The ZAI mostly looks at sites in Dublin that pre-date 1700, and, as Grangegorman didn’t develop from farmland and orchards until the 19th century, it does not fall under the ZAI. While the development plan stressed the significance of Grangegorman archaeological heritage, it did not outline how to address it so in 2012, the GDA procured a consultant team, Rubicon Heritage, to produce an Archaeological Strategy for the Grangegorman site. This strategy identified areas which might need special attention (which we’ll cover in a later blog) and proposed various testing for them. Extensive archaeology is typically only carried out within a ZAI so it was unusual for such extensive testing to be recommended for Grangegorman. Why? Let’s explore the reasons…
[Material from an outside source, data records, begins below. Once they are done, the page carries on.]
lemma long_probe_crowded_near:
  assumes valid: "lp_valid h S T" and "finite S" and "card S < 2 ^ k"
    and long: "5 < probe_len h T q"
  shows "\<exists>l\<le>k. probe_len h T q \<le> 10 * 2 ^ l \<and> h \<in> crowded_near S q l"
proof -
  define p where "p = h q"
  define f where "f = first_empty T p"
  have fe: "p \<le> f" "\<And>z. z \<in> {p..<f} \<Longrightarrow> T z \<noteq> None"
    using first_empty_spec[OF lp_validD(5)[OF valid]] unfolding f_def by blast+
  have len: "probe_len h T q = f - p + 1"
    unfolding probe_len_def f_def p_def ..
  with long fe(1) have "p + 5 \<le> f" by simp
  then have "T p \<noteq> None"
    using fe(2) by simp
  then obtain a where a: "a \<le> p" "a = 0 \<or> T (a - 1) = None" "\<forall>z\<in>{a..p}. T z \<noteq> None"
    by (rule run_start_exists)
  define R where "R = f - a"
  have f: "f = a + R"
    using a(1) \<open>p + 5 \<le> f\<close> unfolding R_def by simp
  have full: "\<forall>z\<in>{a..<a + R}. T z \<noteq> None"
  proof
    fix z assume "z \<in> {a..<a + R}"
    then show "T z \<noteq> None"
      using a(3) fe(2) f by (cases "z \<le> p") auto
  qed
  have "R \<le> card {x\<in>S. h x \<in> {a..<a + R}}"
    using run_length_le_card_hashed[OF valid \<open>finite S\<close> a(2) full] by simp
  also have "\<dots> \<le> card S"
    using \<open>finite S\<close> by (intro card_mono) auto
  finally have "R < 2 ^ k"
    using \<open>card S < 2 ^ k\<close> by simp
  obtain l where l: "5 * 2 ^ l \<le> R" "R < 10 * 2 ^ l"
    using exists_dyadic_scale[of R] \<open>p + 5 \<le> f\<close> a(1) f by auto
  have "(2::nat) ^ l < 2 ^ k"
    using l(1) \<open>R < 2 ^ k\<close> by linarith
  then have "l \<le> k" by simp
  obtain i where i: "i \<in> {a div 2 ^ l .. a div 2 ^ l + 4}" "h \<in> crowded S q l i"
    using crowded_interval_in_run[OF valid \<open>finite S\<close> a(2) full l(1)] by blast
  have "p < (a div 2 ^ l + 11) * 2 ^ l"
    using f l(2) \<open>p + 5 \<le> f\<close> dividend_less_div_times[of "2 ^ l" a] by (simp add: algebra_simps)
  then have "p div 2 ^ l < a div 2 ^ l + 11"
    by (rule less_mult_imp_div_less)
  moreover have "a div 2 ^ l \<le> p div 2 ^ l"
    using a(1) by (rule div_le_mono)
  ultimately have "i \<in> window p l"
    using i(1) unfolding window_def by auto
  with i(2) have "h \<in> crowded_near S q l"
    unfolding crowded_near_def p_def by blast
  moreover have "probe_len h T q \<le> 10 * 2 ^ l"
    using len f a(1) l(2) by simp
  ultimately show ?thesis
    using \<open>l \<le> k\<close> by blast
qed

lemma probe_len_le_crowded_sum:
  assumes "lp_valid h S T" and "finite S" and "card S < 2 ^ k"
  shows "real (probe_len h T q) \<le> 5 + 10 * (\<Sum>l\<le>k. 2 ^ l * indicator (crowded_near S q l) h)"
proof (cases "5 < probe_len h T q")
  case True
  then obtain l where "l \<le> k" "probe_len h T q \<le> 10 * 2 ^ l" "h \<in> crowded_near S q l"
    using long_probe_crowded_near[OF assms] by blast
  then have "real (probe_len h T q) \<le> 10 * (2 ^ l * indicator (crowded_near S q l) h)"
    using of_nat_mono[of "probe_len h T q" "10 * 2 ^ l"] by simp
  also have "\<dots> \<le> 10 * (\<Sum>l\<le>k. 2 ^ l * indicator (crowded_near S q l) h)"
    using \<open>l \<le> k\<close> by (intro mult_left_mono member_le_sum) auto
  finally show ?thesis by simp
next
  case False
  moreover have "0 \<le> (\<Sum>l\<le>k. 2 ^ l * indicator (crowded_near S q l) h :: real)"
    by (intro sum_nonneg) simp
  ultimately show ?thesis by simp
qed

lemma measure_Int_le_cond_pmf:
  assumes "set_pmf p \<inter> s \<noteq> {} \<Longrightarrow> measure_pmf.prob (cond_pmf p s) A \<le> c"
  shows "measure_pmf.prob p (s \<inter> A) \<le> measure_pmf.prob p s * c"
proof (cases "set_pmf p \<inter> s = {}")
  case True
  then have "measure_pmf.prob p (s \<inter> A) = 0" "measure_pmf.prob p s = 0"
    by (subst measure_pmf_zero_iff, blast)+
  then show ?thesis by simp
next
  case False
  then have "measure_pmf.prob (cond_pmf p s) A = measure_pmf.prob p (s \<inter> A) / measure_pmf.prob p s"
    by (simp add: cond_pmf.rep_eq emeasure_measure_pmf_not_zero measure_pmf.emeasure_finite)
  moreover have "0 < measure_pmf.prob p s"
    using False by (auto intro: measure_pmf_posI)
  ultimately show ?thesis
    using assms False by (simp add: divide_le_eq mult.commute)
qed

lemma prob_union_bound_cond_pmf:
  fixes p :: "'a pmf" and f :: "'a \<Rightarrow> 'b" and E :: "'j \<Rightarrow> 'a set"
  assumes "finite Y" and range: "\<And>x. x \<in> set_pmf p \<Longrightarrow> f x \<in> Y"
    and "\<And>y. finite (J y)" and card_J: "\<And>y. card (J y) \<le> m" and "0 \<le> c"
    and cond: "\<And>y j. y \<in> Y \<Longrightarrow> j \<in> J y \<Longrightarrow> set_pmf p \<inter> {x. f x = y} \<noteq> {} \<Longrightarrow>
      measure_pmf.prob (cond_pmf p {x. f x = y}) (E j) \<le> c"
  shows "measure_pmf.prob p {x. \<exists>j\<in>J (f x). x \<in> E j} \<le> m * c"
proof -
  let ?B = "\<lambda>y. {x. f x = y}"
  have "measure_pmf.prob p {x. \<exists>j\<in>J (f x). x \<in> E j}
      \<le> measure_pmf.prob p (\<Union>y\<in>Y. \<Union>j\<in>J y. ?B y \<inter> E j)"
    by (rule measure_pmf.finite_measure_mono_AE) (auto simp: AE_measure_pmf_iff dest: range)
  also have "\<dots> \<le> (\<Sum>y\<in>Y. measure_pmf.prob p (\<Union>j\<in>J y. ?B y \<inter> E j))"
    using \<open>finite Y\<close> by (rule measure_pmf.finite_measure_subadditive_finite) simp
  also have "\<dots> \<le> (\<Sum>y\<in>Y. \<Sum>j\<in>J y. measure_pmf.prob p (?B y \<inter> E j))"
    using \<open>\<And>y. finite (J y)\<close>
    by (intro sum_mono measure_pmf.finite_measure_subadditive_finite) simp_all
  also have "\<dots> \<le> (\<Sum>y\<in>Y. \<Sum>j\<in>J y. measure_pmf.prob p (?B y) * c)"
    using cond by (intro sum_mono measure_Int_le_cond_pmf) blast
  also have "\<dots> \<le> (\<Sum>y\<in>Y. m * (measure_pmf.prob p (?B y) * c))"
    using card_J \<open>0 \<le> c\<close> by (intro sum_mono) (simp add: mult_right_mono)
  also have "\<dots> = m * c * measure_pmf.prob p (\<Union>y\<in>Y. ?B y)"
    using \<open>finite Y\<close>
    by (subst measure_pmf.finite_measure_finite_Union)
       (auto simp: disjoint_family_on_def sum_distrib_left mult_ac)
  also have "\<dots> \<le> m * c"
    using \<open>0 \<le> c\<close> by (simp add: mult_left_le)
  finally show ?thesis .
qed

lemma expectation_weighted_indicators:
  fixes c :: "'i \<Rightarrow> real"
  shows "integrable (measure_pmf p) (\<lambda>x. \<Sum>i\<in>I. c i * indicator (A i) x)"
    and "measure_pmf.expectation p (\<lambda>x. \<Sum>i\<in>I. c i * indicator (A i) x)
           = (\<Sum>i\<in>I. c i * measure_pmf.prob p (A i))"
proof -
  have int: "integrable (measure_pmf p) (\<lambda>x. c i * indicator (A i) x)" for i
    by (intro integrable_mult_right integrable_real_indicator)
       (simp_all add: measure_pmf.emeasure_finite less_top[symmetric])
  show "integrable (measure_pmf p) (\<lambda>x. \<Sum>i\<in>I. c i * indicator (A i) x)"
    by (intro Bochner_Integration.integrable_sum int)
  show "measure_pmf.expectation p (\<lambda>x. \<Sum>i\<in>I. c i * indicator (A i) x)
      = (\<Sum>i\<in>I. c i * measure_pmf.prob p (A i))"
    by (simp add: Bochner_Integration.integral_sum[OF int])
qed

lemma prob_crowded_near_le:
  assumes range: "\<forall>h\<in>set_pmf H. h q < t" and "0 \<le> c"
    and cond: "\<And>y i. y < t \<Longrightarrow> set_pmf H \<inter> {h. h q = y} \<noteq> {} \<Longrightarrow>
      measure_pmf.prob (cond_pmf H {h. h q = y}) (crowded S q l i) \<le> c"
  shows "measure_pmf.prob H (crowded_near S q l) \<le> 15 * c"
  using prob_union_bound_cond_pmf[where Y = "{..<t}" and p = H and f = "\<lambda>h. h q"
      and J = "\<lambda>y. window y l" and m = 15 and c = c and E = "crowded S q l"]
    range \<open>0 \<le> c\<close> cond finite_window card_window_le
  unfolding crowded_near_def by simp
1.   Surrounding Heritage Sites.

The Grangegorman site is such a large area so close to many other heritage sites that it had to be considered as having archaeological potential. The North Dublin Union Workhouse neighboured the Richmond Asylum, as did a major site of trade coming into the city – the Midland Great Western Railway at Broadstone. The buried walls of the Broadstone basin were due to be uncovered as part of the Luas Cross City works. Stoneybatter, to the west of the Grangegorman site is part of the old medieval Dublin. It is possible that there could be material onsite that dates back to this period. Both Broadstone and Stoneybatter are included in the ZAI, with Grangegorman sandwiched between them.

One of the best examples of Georgian architecture in Dublin is on Henrietta Street, a mere 5 minute walk from the eastern edge of the Grangegorman site. Back in 2012, as part of the Luas works, Georgian basements were excavated for the first time. It was thought that with some of Grangegorman’s development taking place during the Georgian period (generally accepted as being from 1714 to around 1830) there was a strong possibility that there would be basements to be found at Grangegorman (note however that the buildings at Grangegorman are primarily of Victorian architecture).
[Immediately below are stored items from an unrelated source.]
definition r :: "'a \<Rightarrow> real" where "r x = indicator G x * \<rho> x"

lemma r_integrable: "integrable lebesgue r"
  using \<rho>_integrable unfolding set_integrable_def r_def[abs_def] by simp

lemma r_measurable[measurable]: "r \<in> borel_measurable lebesgue"
  using r_integrable by (rule borel_measurable_integrable)

lemma r_nonneg: "0 \<le> r x"
  using \<rho>_pos by (auto simp: r_def indicator_def less_imp_le)

lemma r_pos_iff: "0 < r x \<longleftrightarrow> x \<in> G"
  using \<rho>_pos by (auto simp: r_def indicator_def)

lemma r_eq_\<rho>: "x \<in> G \<Longrightarrow> r x = \<rho> x"
  by (simp add: r_def)

definition Z :: real where "Z = (\<integral>x. r x \<partial>lebesgue)"

lemma Z_nonneg: "0 \<le> Z"
  unfolding Z_def using r_nonneg by simp

lemma nn_integral_r: "(\<integral>\<^sup>+x. ennreal (r x) \<partial>lebesgue) = ennreal Z"
  unfolding Z_def by (rule nn_integral_eq_integral[OF r_integrable]) (simp add: r_nonneg)

lemma set_integral_\<rho>_eq_Z: "(LINT y:G|lebesgue. \<rho> y) = Z"
  unfolding Z_def set_lebesgue_integral_def r_def by simp

lemma superlevel_eq: "superlevel G \<rho> t = {x \<in> G. t \<le> r x}"
  by (auto simp: superlevel_def r_def)

lemma superlevel_sets[measurable]: "superlevel G \<rho> t \<in> sets lebesgue"
  unfolding superlevel_eq by measurable

lemma superlevel_pos: "0 < t \<Longrightarrow> superlevel G \<rho> t = {x. t \<le> r x}"
  unfolding superlevel_eq using r_pos_iff by force

definition L :: "real \<Rightarrow> ennreal" where "L t = emeasure lebesgue (superlevel G \<rho> t)"

lemma L_finite:
  assumes "0 < t"
  shows "L t < \<infinity>"
proof -
  have "L t = (\<integral>\<^sup>+x. indicator (superlevel G \<rho> t) x \<partial>lebesgue)"
    unfolding L_def by simp
  also have "\<dots> \<le> (\<integral>\<^sup>+x. ennreal (1 / t) * ennreal (r x) \<partial>lebesgue)"
    using assms r_nonneg
    by (intro nn_integral_mono) (auto simp: superlevel_pos indicator_def ennreal_mult'[symmetric])
  also have "\<dots> = ennreal (1 / t) * ennreal Z"
    by (simp add: nn_integral_cmult nn_integral_r)
  also have "\<dots> < \<infinity>" by (simp add: ennreal_mult_less_top)
  finally show ?thesis .
qed

lemma ennreal_level_fun: "0 < t \<Longrightarrow> ennreal (level_fun G \<rho> t) = L t"
  using L_finite unfolding level_fun_def L_def
  by (simp add: emeasure_eq_ennreal_measure less_top)

lemma L_measurable[measurable]: "L \<in> borel_measurable borel"
proof -
  define S where "S = {p \<in> space (lborel \<Otimes>\<^sub>M lebesgue). snd p \<in> G \<and> fst p \<le> r (snd p)}"
  have "S \<in> sets (lborel \<Otimes>\<^sub>M (lebesgue :: 'a measure))"
    unfolding S_def by measurable
  then have "(\<lambda>t. emeasure lebesgue (Pair t -` S)) \<in> borel_measurable lborel"
    by (rule lebesgue.measurable_emeasure_Pair)
  moreover have "Pair t -` S = superlevel G \<rho> t" for t
    by (auto simp: S_def superlevel_eq space_pair_measure)
  ultimately show ?thesis unfolding L_def by simp
qed

lemma level_fun_nonneg: "0 \<le> level_fun G \<rho> t"
  by (simp add: level_fun_def)

lemma level_fun_measurable[measurable]: "level_fun G \<rho> \<in> borel_measurable borel"
  unfolding level_fun_def[abs_def] measure_def L_def[symmetric] by measurable

definition hypograph :: "('a \<times> real) set" where "hypograph = {(x, t). 0 < t \<and> t \<le> r x}"

lemma hypograph_sets[measurable]: "hypograph \<in> sets (lebesgue \<Otimes>\<^sub>M lborel)"
proof -
  have "hypograph = {p \<in> space (lebesgue \<Otimes>\<^sub>M lborel). 0 < snd p \<and> snd p \<le> r (fst p)}"
    by (auto simp: hypograph_def space_pair_measure)
  also have "\<dots> \<in> sets (lebesgue \<Otimes>\<^sub>M lborel)" by measurable
  finally show ?thesis .
qed

lemma nn_integral_hypograph_fibre: "(\<integral>\<^sup>+t. indicator hypograph (x, t) \<partial>lborel) = ennreal (r x)"
proof -
  have "(\<integral>\<^sup>+t. indicator hypograph (x, t) \<partial>lborel) = (\<integral>\<^sup>+t. indicator {0<..r x} t \<partial>lborel)"
    by (intro nn_integral_cong) (auto simp: hypograph_def indicator_def)
  then show ?thesis using r_nonneg[of x] by simp
qed

lemma indicator_hypograph:
  "indicator hypograph (x, t) = (indicator {0<..} t * indicator (superlevel G \<rho> t) x :: ennreal)"
  by (auto simp: hypograph_def indicator_def superlevel_pos)

text \<open>Layer-cake formula: both sides are the Lebesgue measure of the hypograph.\<close>
lemma nn_integral_L_eq_Z: "(\<integral>\<^sup>+t. indicator {0<..} t * L t \<partial>lborel) = ennreal Z"
proof -
  have "(\<integral>\<^sup>+t. indicator {0<..} t * L t \<partial>lborel) = (\<integral>\<^sup>+t. \<integral>\<^sup>+x. indicator hypograph (x, t) \<partial>lebesgue \<partial>lborel)"
    by (intro nn_integral_cong) (simp add: indicator_hypograph L_def nn_integral_cmult)
  also have "\<dots> = (\<integral>\<^sup>+x. \<integral>\<^sup>+t. indicator hypograph (x, t) \<partial>lborel \<partial>lebesgue)"
    by (rule lebesgue_lborel.Fubini') measurable
  also have "\<dots> = ennreal Z" by (simp add: nn_integral_hypograph_fibre nn_integral_r)
  finally show ?thesis .
qed

lemma integral_level_fun_eq_Z: "(LINT t:{0<..}|lborel. level_fun G \<rho> t) = Z"
proof -
  have "(\<integral>\<^sup>+t. ennreal (indicator {0<..} t * level_fun G \<rho> t) \<partial>lborel) = ennreal Z"
    unfolding nn_integral_L_eq_Z[symmetric]
    by (intro nn_integral_cong) (auto simp: indicator_def ennreal_level_fun)
  then show ?thesis
    unfolding set_lebesgue_integral_def using Z_nonneg
    by (subst integral_eq_nn_integral) (auto simp: level_fun_nonneg)
qed

definition V :: "'a \<Rightarrow> real measure" where "V x = uniform_measure lborel {0..r x}"
definition U :: "real \<Rightarrow> 'a measure" where "U t = unif_level G \<rho> t"

lemma U_eq_uniform_measure: "U t = uniform_measure lebesgue (superlevel G \<rho> t)"
  by (simp add: U_def unif_level_def)

lemma sets_V[simp, measurable_cong]: "sets (V x) = sets borel"
  by (simp add: V_def)

lemma sets_U[simp, measurable_cong]: "sets (U t) = sets lebesgue"
  by (simp add: U_eq_uniform_measure)

lemma subprob_space_V: "subprob_space (V x)"
  unfolding V_def by (rule subprob_space_uniform_measure) auto

lemma subprob_space_U: "subprob_space (U t)"
  unfolding U_eq_uniform_measure by (rule subprob_space_uniform_measure) auto

lemma prob_space_V: "x \<in> G \<Longrightarrow> prob_space (V x)"
  unfolding V_def using r_pos_iff[of x] r_nonneg[of x] by (intro prob_space_uniform_measure) auto

lemma prob_space_U: "0 < t \<Longrightarrow> L t \<noteq> 0 \<Longrightarrow> prob_space (U t)"
  unfolding U_eq_uniform_measure using L_finite[of t] by (intro prob_space_uniform_measure) (auto simp: L_def)

lemma V_measurable[measurable]: "V \<in> lebesgue \<rightarrow>\<^sub>M subprob_algebra lborel"
proof (rule measurable_subprob_algebra)
  fix A :: "real set" assume [measurable]: "A \<in> sets lborel"
  define S where "S = {p \<in> space (lebesgue \<Otimes>\<^sub>M lborel). 0 \<le> snd p \<and> snd p \<le> r (fst p) \<and> snd p \<in> A}"
  have "S \<in> sets ((lebesgue :: 'a measure) \<Otimes>\<^sub>M lborel)" unfolding S_def by measurable
  then have "(\<lambda>x. emeasure lborel (Pair x -` S)) \<in> borel_measurable lebesgue"
    by (rule lborel.measurable_emeasure_Pair)
  moreover have "Pair x -` S = {0..r x} \<inter> A" for x
    by (auto simp: S_def space_pair_measure)
  moreover have "emeasure (V x) A = emeasure lborel ({0..r x} \<inter> A) / ennreal (r x)" for x
    unfolding V_def using r_nonneg[of x] \<open>A \<in> sets lborel\<close> by simp
  ultimately show "(\<lambda>x. emeasure (V x) A) \<in> borel_measurable lebesgue" by simp
qed (auto simp: subprob_space_V)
2.   Rising Interest in Post-1700 History.

As more time passes, changing attitudes towards post 1700 sites gives rise to new archaeological interest in topics such as industrial heritage. This includes buildings, machinery, infrastructure – anything used in industry – and Grangegorman, having an extensive hospital complex, contained a laundry building and farmlands, which could contain artefacts of interest. Again, with the site neighbouring the Broadstone and the old canal basin there, Grangegorman potentially could contain something of industrial heritage along the eastern boundary.

3.   The River Bradogue.

The old route of one of Dublin’s rivers – the Bradogue – had been culverted at Grangegorman. The river’s original route is considered a site of potential archaeological finds, including the possibility of pre-Christian sites. (If interested in the River Bradogue let us know and we’ll try to feature it in a subsequent blog).
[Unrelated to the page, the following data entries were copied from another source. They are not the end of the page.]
text \<open>Reachability in G' - Z survives the step, where reaching v is replaced by reaching all of S.\<close>

lemma component_step_reach:
  assumes x: "x \<in> V - {v}"
    and cond: "v \<in> component (del_verts Eh Z) x \<Longrightarrow> Z \<inter> S = {}"
  defines "T' \<equiv> component (del_verts Eh' Z) x"
  shows "component (del_verts Eh Z) x \<subseteq> {y. (y \<noteq> v \<longrightarrow> y \<in> T') \<and> (y = v \<longrightarrow> S \<subseteq> T')}"
    (is "_ \<subseteq> ?Q")
proof -
  have "component (del_verts Eh Z) x \<subseteq> component (del_verts Eh Z) x \<inter> ?Q"
  proof (rule component_closed)
    show "x \<in> component (del_verts Eh Z) x \<inter> ?Q" using x unfolding T'_def by simp
  next
    fix p q assume e: "{p,q} \<in> del_verts Eh Z" and p: "p \<in> component (del_verts Eh Z) x \<inter> ?Q"
    have pT: "p \<in> component (del_verts Eh Z) x" using p by blast
    have qT: "q \<in> component (del_verts Eh Z) x" using component_trans[OF pT component_edge[OF e]] .
    have eE: "{p,q} \<in> Eh" and eZ: "{p,q} \<inter> Z = {}" using e by (auto simp: del_verts_def)
    have pQ: "p \<in> ?Q" using p by blast
    have T'cl: "y \<in> T' \<Longrightarrow> component (del_verts Eh' Z) y \<subseteq> T'" for y unfolding T'_def by (rule component_subset)
    have "q \<in> ?Q"
    proof (cases "q = v")
      case qv: True
      show ?thesis
      proof (cases "p = v")
        case True then show ?thesis using pQ qv by simp
      next
        case pv: False
        have "v \<in> component (del_verts Eh Z) x" using qT qv by simp
        then have ZS: "Z \<inter> S = {}" by (rule cond)
        have "{v,p} \<in> Eh" using eE qv by (simp add: insert_commute)
        then have "p \<in> nbrs Eh v" using pv by (simp add: nbrs_def)
        then have pS: "p \<in> S" using nbrs_Eh_S by blast
        have "p \<in> T'" using pQ pv by simp
        then have "S \<subseteq> T'" using S_subset_component_del_verts[OF pS ZS] T'cl by blast
        then show ?thesis using qv by simp
      qed
    next
      case qv: False
      show ?thesis
      proof (cases "p = v")
        case True
        have "{v,q} \<in> Eh" using eE True by simp
        then have "q \<in> nbrs Eh v" using qv by (simp add: nbrs_def)
        then have "q \<in> S" using nbrs_Eh_S by blast
        moreover have "S \<subseteq> T'" using pQ True by simp
        ultimately show ?thesis using qv by auto
      next
        case pv: False
        have pT': "p \<in> T'" using pQ pv by simp
        have "{p,q} \<in> Eh_v" using eE pv qv by (simp add: del_verts_def)
        then have "{p,q} \<in> del_verts Eh' Z" using Eh_v_subset_Eh' eZ by (auto simp: del_verts_def)
        then have "q \<in> component (del_verts Eh' Z) p" by (rule component_edge)
        then have "q \<in> T'" using T'cl[OF pT'] by blast
        then show ?thesis using qv by simp
      qed
    qed
    then show "q \<in> component (del_verts Eh Z) x \<inter> ?Q" using qT by blast
  qed
  then show ?thesis by blast
qed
4.   The Grangegorman Manor House.

It was thought that the outline footprint of the original Manor House of Grangegorman could be found with the site’s 73 acres. Old maps of the area show the general location of the house but many of these maps were drawn to varying scales and orientations leaving archaeologists unsure of where the original Manor might be. This meant that it was open to possible discovery on the Grangegorman site. It is since widely considered that the Manor House was originally located on the site of what is now Stanhope Street School.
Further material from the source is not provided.